Patricia Santangelo is a forty-three year old single mother of five who, according to the federal court itself, is “an internet-illiterate parent, who does not know Kazaa from kazoo, and who can barely retrieve her e-mail.” Yow. Yes, that’s a direct quote from the judge in the federal court into which the RIAA has hauled Patricia Santangelo, accusing her of downloading such 43-year-old single mother favourites as Third Eye Blind’s “Semi-Charmed Life”, Incubus’ “Nowhere Fast”, and Godsmack’s “Whatever” (um, that was irony for those of you who didn’t recognize it, I don’t know any forty-three year olds who would even listen to that music, let alone go out of their way to acquire it).

When the RIAA came a’knocking, demanding that Santangelo pay her legal tithe and sign the paper saying that she was not now and never would be a member of the downloading party, Santangelo, unlike thousands before her, refused to go along with the expensive charade.

Explained Santangelo, “It’s a moral issue. I can’t sign something that says I agree to stop doing something I never did.”

Unfortunately, she also can’t afford the defense to prove that she didn’t do it. Already in the hole $24,000 in legal fees, and not even at trial yet, the mother of five has been forced to let her lawyer go, and defend herself. To go it on her own against all of the RIAA’s fancy high-priced lawyers and legal might.

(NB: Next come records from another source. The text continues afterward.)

(* Let $K\ge 3$, $T\subseteq[K]$ with $|T|=N$, let ${\bm{x}}_1,\dots,{\bm{x}}_K\in\mathbb{R}^d$ and $z_1,\dots,z_K\in\mathbb{R}$, and suppose there is ${\bm{a}}\in\mathbb{R}^d$ with ${\bm{a}}^T{\bm{x}}_1 < {\bm{a}}^T{\bm{x}}_2 < \cdots < {\bm{a}}^T{\bm{x}}_K$. Then there exist $m$ with $$ m \le K-1-\sum_{P\in\mathcal{P}([K]\setminus T)} \max\{|P|-2,0\}$$ and parameters ${\bm{W}}_2\in\mathbb{R}^{1\times m}$, ${\bm{b}}_1\in\mathbb{R}^m$, $b_2\in\mathbb{R}$ such that the network $g({\bm{x}}) = {\bm{W}}_2\sigma(\mathbf{1}_m{\bm{a}}^T{\bm{x}} + {\bm{b}}_1)+b_2$ satisfies $g({\bm{x}}_i)=z_i$ for all $i\in T$ and $g({\bm{x}}_i)=0$ for all $i\in[K]\setminus T$.
   Context: $[K]=\{1,\dots,K\}$; $\sigma(t)=\max\{t,0\}$ applied coordinatewise; $\mathbf{1}_m\in\mathbb{R}^m$ is the all-ones vector. For $I\subseteq[K]$, the consecutive partition $\mathcal{P}(I)$ is the partition of $I$ into maximal subsets of consecutive integers (e.g. $\mathcal{P}(\{1,2,3,5,6,8,10,11,12,13\}) = \{\{1,2,3\},\{5,6\},\{8\},\{10,11,12,13\}\}$). *)

theory Defs
  imports "HOL-Analysis.Analysis"
begin

definition consec_partition :: "nat set \<Rightarrow> nat set set" where
  "consec_partition I =
     {{l..u} | l u. l \<le> u \<and> {l..u} \<subseteq> I \<and> (0 < l \<longrightarrow> l - 1 \<notin> I) \<and> Suc u \<notin> I}"

definition relu :: "real \<Rightarrow> real" where
  "relu t = max t 0"

definition net :: "nat \<Rightarrow> (nat \<Rightarrow> real) \<Rightarrow> (nat \<Rightarrow> real) \<Rightarrow> real \<Rightarrow> ('a::real_inner) \<Rightarrow> 'a \<Rightarrow> real" where
  "net m W2 b1 b2 a x = (\<Sum>j<m. W2 j * relu (a \<bullet> x + b1 j)) + b2"

end

theory Submission
  imports Defs
begin

text \<open>
  Along the direction \<open>a\<close> the data points become reals \<open>t\<^sub>1 < \<dots> < t\<^sub>K\<close>, and the
  piecewise linear interpolant of the targets is \<open>y\<^sub>1 + \<Sum>\<^sub>j c\<^sub>j \<sigma>(t - t\<^sub>j)\<close>, where \<open>c\<^sub>j\<close>
  is the change of slope at \<open>t\<^sub>j\<close>: one neuron per breakpoint \<open>t\<^sub>1, \<dots>, t\<^sub>K\<^sub>-\<^sub>1\<close>.  At a point
  whose two neighbours also carry target \<open>0\<close> the slope does not change, so that neuron can
  be dropped; a block of \<open>n\<close> consecutive indices outside \<open>T\<close> has \<open>max (n - 2) 0\<close> such
  interior points.
\<close>

definition slope :: "(nat \<Rightarrow> real) \<Rightarrow> (nat \<Rightarrow> real) \<Rightarrow> nat \<Rightarrow> real" where
  "slope t y j = (y (Suc j) - y j) / (t (Suc j) - t j)"

text \<open>The slope to the left of \<open>t\<^sub>1\<close> is taken to be \<open>0\<close>.\<close>
definition kink :: "(nat \<Rightarrow> real) \<Rightarrow> (nat \<Rightarrow> real) \<Rightarrow> nat \<Rightarrow> real" where
  "kink t y j = slope t y j - (if j \<le> 1 then 0 else slope t y (j - 1))"

lemma sum_kink: "1 \<le> i \<Longrightarrow> (\<Sum>j\<in>{1..i}. kink t y j) = slope t y i"
  by (induction i rule: dec_induct) (simp_all add: kink_def)

lemma kink_eq_0:
  assumes "y (j - 1) = 0" "y j = 0" "y (Suc j) = 0"
  shows "kink t y j = 0"
  using assms by (simp add: kink_def slope_def)

lemma kink_linear_interpolation:
  assumes "\<And>j. 1 \<le> j \<Longrightarrow> j < i \<Longrightarrow> t j \<noteq> t (Suc j)" "1 \<le> i"
  shows "y 1 + (\<Sum>j\<in>{1..<i}. kink t y j * (t i - t j)) = y i"
  using assms(2,1)
proof (induction i rule: dec_induct)
  case base
  then show ?case by simp
next
  case (step n)
  have "(\<Sum>j\<in>{1..<Suc n}. kink t y j * (t (Suc n) - t j))
      = (t (Suc n) - t n) * (\<Sum>j\<in>{1..n}. kink t y j) + (\<Sum>j\<in>{1..<Suc n}. kink t y j * (t n - t j))"
    by (simp add: atLeastLessThanSuc_atLeastAtMost sum_distrib_left sum.distrib[symmetric]
        algebra_simps)
  also have "(\<Sum>j\<in>{1..<Suc n}. kink t y j * (t n - t j)) = (\<Sum>j\<in>{1..<n}. kink t y j * (t n - t j))"
    using step.hyps by (simp add: sum.atLeastLessThan_Suc)
  also have "(\<Sum>j\<in>{1..n}. kink t y j) = slope t y n"
    using step.hyps(1) by (rule sum_kink)
  also have "(t (Suc n) - t n) * slope t y n = y (Suc n) - y n"
    using step.prems[of n] step.hyps(1) by (simp add: slope_def)
  finally show ?case
    using step by simp
qed

lemma strict_mono_on_atLeastAtMostI:
  fixes t :: "nat \<Rightarrow> 'a::order"
  assumes "\<And>n. l \<le> n \<Longrightarrow> n < u \<Longrightarrow> t n < t (Suc n)"
  shows "strict_mono_on {l..u} t"
proof (rule strict_mono_onI)
  fix j k
  assume "j \<in> {l..u}" "k \<in> {l..u}" "j < k"
  from \<open>j < k\<close> \<open>j \<in> {l..u}\<close> \<open>k \<in> {l..u}\<close> show "t j < t k"
    by (induction j k rule: less_Suc_induct) (auto intro: assms order.strict_trans)
qed

lemma relu_interpolation:
  assumes "strict_mono_on {1..K} t" "1 \<le> i" "i \<le> K"
  shows "y 1 + (\<Sum>j\<in>{1..<K}. kink t y j * relu (t i - t j)) = y i"
proof -
  have less: "t j < t k" if "1 \<le> j" "j < k" "k \<le> K" for j k
    using that by (intro strict_mono_onD[OF assms(1)]) auto
  have "(\<Sum>j\<in>{1..<K}. kink t y j * relu (t i - t j)) = (\<Sum>j\<in>{1..<i}. kink t y j * relu (t i - t j))"
  proof (rule sum.mono_neutral_right)
    have "relu (t i - t j) = 0" if "i \<le> j" "j < K" for j
      using assms(2) that less[of i j] by (cases "i = j") (auto simp: relu_def)
    then show "\<forall>j\<in>{1..<K} - {1..<i}. kink t y j * relu (t i - t j) = 0"
      by auto
  qed (use assms(3) in auto)
  also have "\<dots> = (\<Sum>j\<in>{1..<i}. kink t y j * (t i - t j))"
    by (rule sum.cong) (use assms(3) less in \<open>auto simp: relu_def\<close>)
  finally show ?thesis
    using kink_linear_interpolation[of i t y] less assms(2,3) by force
qed

text \<open>The guard \<open>0 < j\<close> keeps \<open>0\<close> out, since \<open>0 - 1 = 0\<close> on \<^typ>\<open>nat\<close>.\<close>
definition interior_points :: "nat set \<Rightarrow> nat set" where
  "interior_points I = {j. 0 < j \<and> j - 1 \<in> I \<and> j \<in> I \<and> Suc j \<in> I}"

lemma interior_points_subset: "interior_points I \<subseteq> I"
  by (auto simp: interior_points_def)

lemma interior_points_mono: "I \<subseteq> I' \<Longrightarrow> interior_points I \<subseteq> interior_points I'"
  by (auto simp: interior_points_def)

lemma interior_points_subset_atLeastLessThan:
  "I \<subseteq> {1..K} \<Longrightarrow> interior_points I \<subseteq> {1..<K}"
  by (auto simp: interior_points_def)

lemma interior_points_atLeastAtMost: "interior_points {l..u} = {l<..<u}"
  by (auto simp: interior_points_def)

lemma card_interior_points_atLeastAtMost:
  "int (card (interior_points {l..u})) = max (int (card {l..u}) - 2) 0"
  by (simp add: interior_points_atLeastAtMost)

lemma consec_partitionE:
  assumes "P \<in> consec_partition I"
  obtains l u where "P = {l..u}" "l \<le> u" "{l..u} \<subseteq> I" "0 < l \<Longrightarrow> l - 1 \<notin> I" "Suc u \<notin> I"
  using assms unfolding consec_partition_def by blast

lemma consec_partition_disjoint:
  assumes "P \<in> consec_partition I" "Q \<in> consec_partition I" "P \<noteq> Q"
  shows "P \<inter> Q = {}"
proof (rule ccontr)
  assume "P \<inter> Q \<noteq> {}"
  then obtain j where "j \<in> P" "j \<in> Q"
    by blast
  have left: "l' \<le> l" if "{l..u} \<subseteq> I" "0 < l' \<Longrightarrow> l' - 1 \<notin> I" "l' \<le> u" for l u l' :: nat
  proof (rule ccontr)
    assume "\<not> l' \<le> l"
    then have "l' - 1 \<in> {l..u}"
      using that(3) by auto
    then show False
      using that(1,2) \<open>\<not> l' \<le> l\<close> by auto
  qed
  have right: "u \<le> u'" if "{l..u} \<subseteq> I" "Suc u' \<notin> I" "l \<le> u'" for l u u' :: nat
    using that subsetD[OF that(1), of "Suc u'"] by (cases "u' < u") auto
  obtain l u where P: "P = {l..u}" "{l..u} \<subseteq> I" "0 < l \<Longrightarrow> l - 1 \<notin> I" "Suc u \<notin> I"
    using assms(1) by (blast elim: consec_partitionE)
  obtain l' u' where Q: "Q = {l'..u'}" "{l'..u'} \<subseteq> I" "0 < l' \<Longrightarrow> l' - 1 \<notin> I" "Suc u' \<notin> I"
    using assms(2) by (blast elim: consec_partitionE)
  have "l = l'" "u = u'"
    using left[OF P(2) Q(3)] left[OF Q(2) P(3)] right[OF P(2) Q(4)] right[OF Q(2) P(4)]
      \<open>j \<in> P\<close> \<open>j \<in> Q\<close> P(1) Q(1) by auto
  then show False
    using P(1) Q(1) assms(3) by simp
qed

lemma sum_consec_partition_le_card_interior_points:
  assumes "finite I"
  shows "(\<Sum>P\<in>consec_partition I. max (int (card P) - 2) 0) \<le> int (card (interior_points I))"
proof -
  have fin: "finite (consec_partition I)"
    by (rule finite_subset[of _ "Pow I"]) (auto simp: consec_partition_def assms)
  have "(\<Sum>P\<in>consec_partition I. max (int (card P) - 2) 0)
      = (\<Sum>P\<in>consec_partition I. int (card (interior_points P)))"
    by (rule sum.cong) (auto elim!: consec_partitionE simp: card_interior_points_atLeastAtMost)
  also have "\<dots> = int (card (\<Union>P\<in>consec_partition I. interior_points P))"
  proof (subst card_UN_disjoint)
    show "\<forall>P\<in>consec_partition I. \<forall>Q\<in>consec_partition I. P \<noteq> Q \<longrightarrow>
        interior_points P \<inter> interior_points Q = {}"
      using consec_partition_disjoint interior_points_subset by blast
  qed (use fin in \<open>auto elim!: consec_partitionE simp: interior_points_atLeastAtMost\<close>)
  also have "\<dots> \<le> int (card (interior_points I))"
    using interior_points_mono finite_subset[OF interior_points_subset assms]
    by (auto intro!: card_mono simp: consec_partition_def)
  finally show ?thesis .
qed

lemma relu_interpolation_sparse:
  assumes "strict_mono_on {1..K} t" "1 \<le> i" "i \<le> K" "\<And>j. j \<in> I \<Longrightarrow> y j = 0"
  shows "y 1 + (\<Sum>j\<in>{1..<K} - interior_points I. kink t y j * relu (t i - t j)) = y i"
proof -
  have "(\<Sum>j\<in>{1..<K} - interior_points I. kink t y j * relu (t i - t j))
      = (\<Sum>j\<in>{1..<K}. kink t y j * relu (t i - t j))"
    by (rule sum.mono_neutral_left) (auto simp: interior_points_def assms(4) intro: kink_eq_0)
  then show ?thesis
    using relu_interpolation[OF assms(1-3)] by simp
qed

lemma ex_net_eq_sum:
  assumes "finite J"
  obtains W2 b1 where
    "\<And>v. net (card J) W2 b1 b2 a v = (\<Sum>j\<in>J. w j * relu (a \<bullet> v + \<beta> j)) + b2"
proof -
  obtain e where e: "bij_betw e {..<card J} J"
    using ex_bij_betw_nat_finite[OF assms] by (auto simp: atLeast0LessThan)
  show ?thesis
    by (rule that[of "w \<circ> e" "\<beta> \<circ> e"])
      (simp add: net_def sum.reindex_bij_betw[OF e, of "\<lambda>j. w j * relu (a \<bullet> _ + \<beta> j)"])
qed

lemma relu_net_interpolation:
  fixes x :: "nat \<Rightarrow> 'a::real_inner"
  assumes "strict_mono_on {1..K} (\<lambda>i. a \<bullet> x i)" "I \<subseteq> {1..K}" "\<And>j. j \<in> I \<Longrightarrow> y j = 0"
  obtains W2 b1 where
    "\<And>i. i \<in> {1..K} \<Longrightarrow> net (K - 1 - card (interior_points I)) W2 b1 (y 1) a (x i) = y i"
proof -
  define t where "t = (\<lambda>i. a \<bullet> x i)"
  define J where "J = {1..<K} - interior_points I"
  have t_mono: "strict_mono_on {1..K} t"
    using assms(1) by (simp add: t_def)
  have "card J = K - 1 - card (interior_points I)"
    using interior_points_subset_atLeastLessThan[OF assms(2)]
    by (simp add: J_def card_Diff_subset finite_subset)
  moreover obtain W2 b1 where net_J:
    "\<And>v. net (card J) W2 b1 (y 1) a v = (\<Sum>j\<in>J. kink t y j * relu (a \<bullet> v + - t j)) + y 1"
    using ex_net_eq_sum[of J "y 1" a "kink t y" "\<lambda>j. - t j"] by (auto simp: J_def)
  moreover have "net (card J) W2 b1 (y 1) a (x i) = y i" if "i \<in> {1..K}" for i
  proof -
    have "y 1 + (\<Sum>j\<in>J. kink t y j * relu (t i - t j)) = y i"
      unfolding J_def using that by (intro relu_interpolation_sparse[OF t_mono]) (auto simp: assms(3))
    then show ?thesis
      using net_J[of "x i"] by (simp add: t_def)
  qed
  ultimately show ?thesis
    using that by metis
qed

theorem theorem4p6:
  fixes K :: nat and T :: "nat set"
    and x :: "nat \<Rightarrow> real ^ 'd" and z :: "nat \<Rightarrow> real" and a :: "real ^ 'd"
  assumes "K \<ge> 3"
    and "T \<subseteq> {1..K}"
    and "\<And>i. 1 \<le> i \<Longrightarrow> i < K \<Longrightarrow> a \<bullet> x i < a \<bullet> x (Suc i)"
  shows "\<exists>m W2 b1 b2.
           int m \<le> int K - 1 - (\<Sum>P\<in>consec_partition ({1..K} - T). max (int (card P) - 2) 0)
         \<and> (\<forall>i\<in>T. net m W2 b1 b2 a (x i) = z i)
         \<and> (\<forall>i\<in>{1..K} - T. net m W2 b1 b2 a (x i) = 0)"
proof -
  define y where "y i = (if i \<in> T then z i else 0)" for i
  define I where "I = {1..K} - T"
  define m where "m = K - 1 - card (interior_points I)"
  have mono: "strict_mono_on {1..K} (\<lambda>i. a \<bullet> x i)"
    using assms(3) by (rule strict_mono_on_atLeastAtMostI)
  have "I \<subseteq> {1..K}" "\<And>j. j \<in> I \<Longrightarrow> y j = 0"
    by (auto simp: I_def y_def)
  then obtain W2 b1 where fit: "\<And>i. i \<in> {1..K} \<Longrightarrow> net m W2 b1 (y 1) a (x i) = y i"
    using relu_net_interpolation[OF mono] unfolding m_def by blast
  have "card (interior_points I) \<le> K - 1"
    using card_mono[OF _ interior_points_subset_atLeastLessThan, of K I] by (auto simp: I_def)
  moreover have "(\<Sum>P\<in>consec_partition I. max (int (card P) - 2) 0) \<le> int (card (interior_points I))"
    by (rule sum_consec_partition_le_card_interior_points) (simp add: I_def)
  ultimately have "int m \<le> int K - 1 - (\<Sum>P\<in>consec_partition I. max (int (card P) - 2) 0)"
    using assms(1) by (simp add: m_def of_nat_diff)
  moreover have "net m W2 b1 (y 1) a (x i) = z i" if "i \<in> T" for i
    using fit[of i] that assms(2) by (auto simp: y_def)
  moreover have "net m W2 b1 (y 1) a (x i) = 0" if "i \<in> {1..K} - T" for i
    using fit[of i] that by (auto simp: y_def)
  ultimately show ?thesis
    unfolding I_def by blast
qed

end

Still, even her former attorney thinks that she’ll prevail. Said Ray Beckerman, the lawyer who was representing Patricia Santangelo before she ran out of money, “I’m sure she’s going to win. I don’t see how they could win. They have no case. They have no evidence she ever did anything. They don’t know how the files appeared on her computer or who put them there.”

Anybody’s best guess is that a friend of one of Santangelo’s children, who range in age from 7 to 19, may have been the culprit.

According to Patricia Santangelo, it all started with a call from the RIAA’s “settlement center”. They claimed that during an investigation they had found hundreds of illegal downloads on her computer, and demanded that she pay them $7,500 “to keep me from being named in a lawsuit,” explained Santangelo.

Hmm…you threaten a woman whom even the court has deemed not only not competent to have downloaded the music, but whom the court has called an “Internet illiterate”, with your big legal guns if she doesn’t cough up $7,500? Sure sounds like a protection racket to me.

Of course, the RIAA sees it differently. “Our goal with all these anti-piracy efforts is to protect the ability of the recording industry to invest in new bands and new music and give legal online services a chance to flourish. The illegal downloading of music is just as wrong as shoplifting from a local record store,” said an RIAA spokesperson.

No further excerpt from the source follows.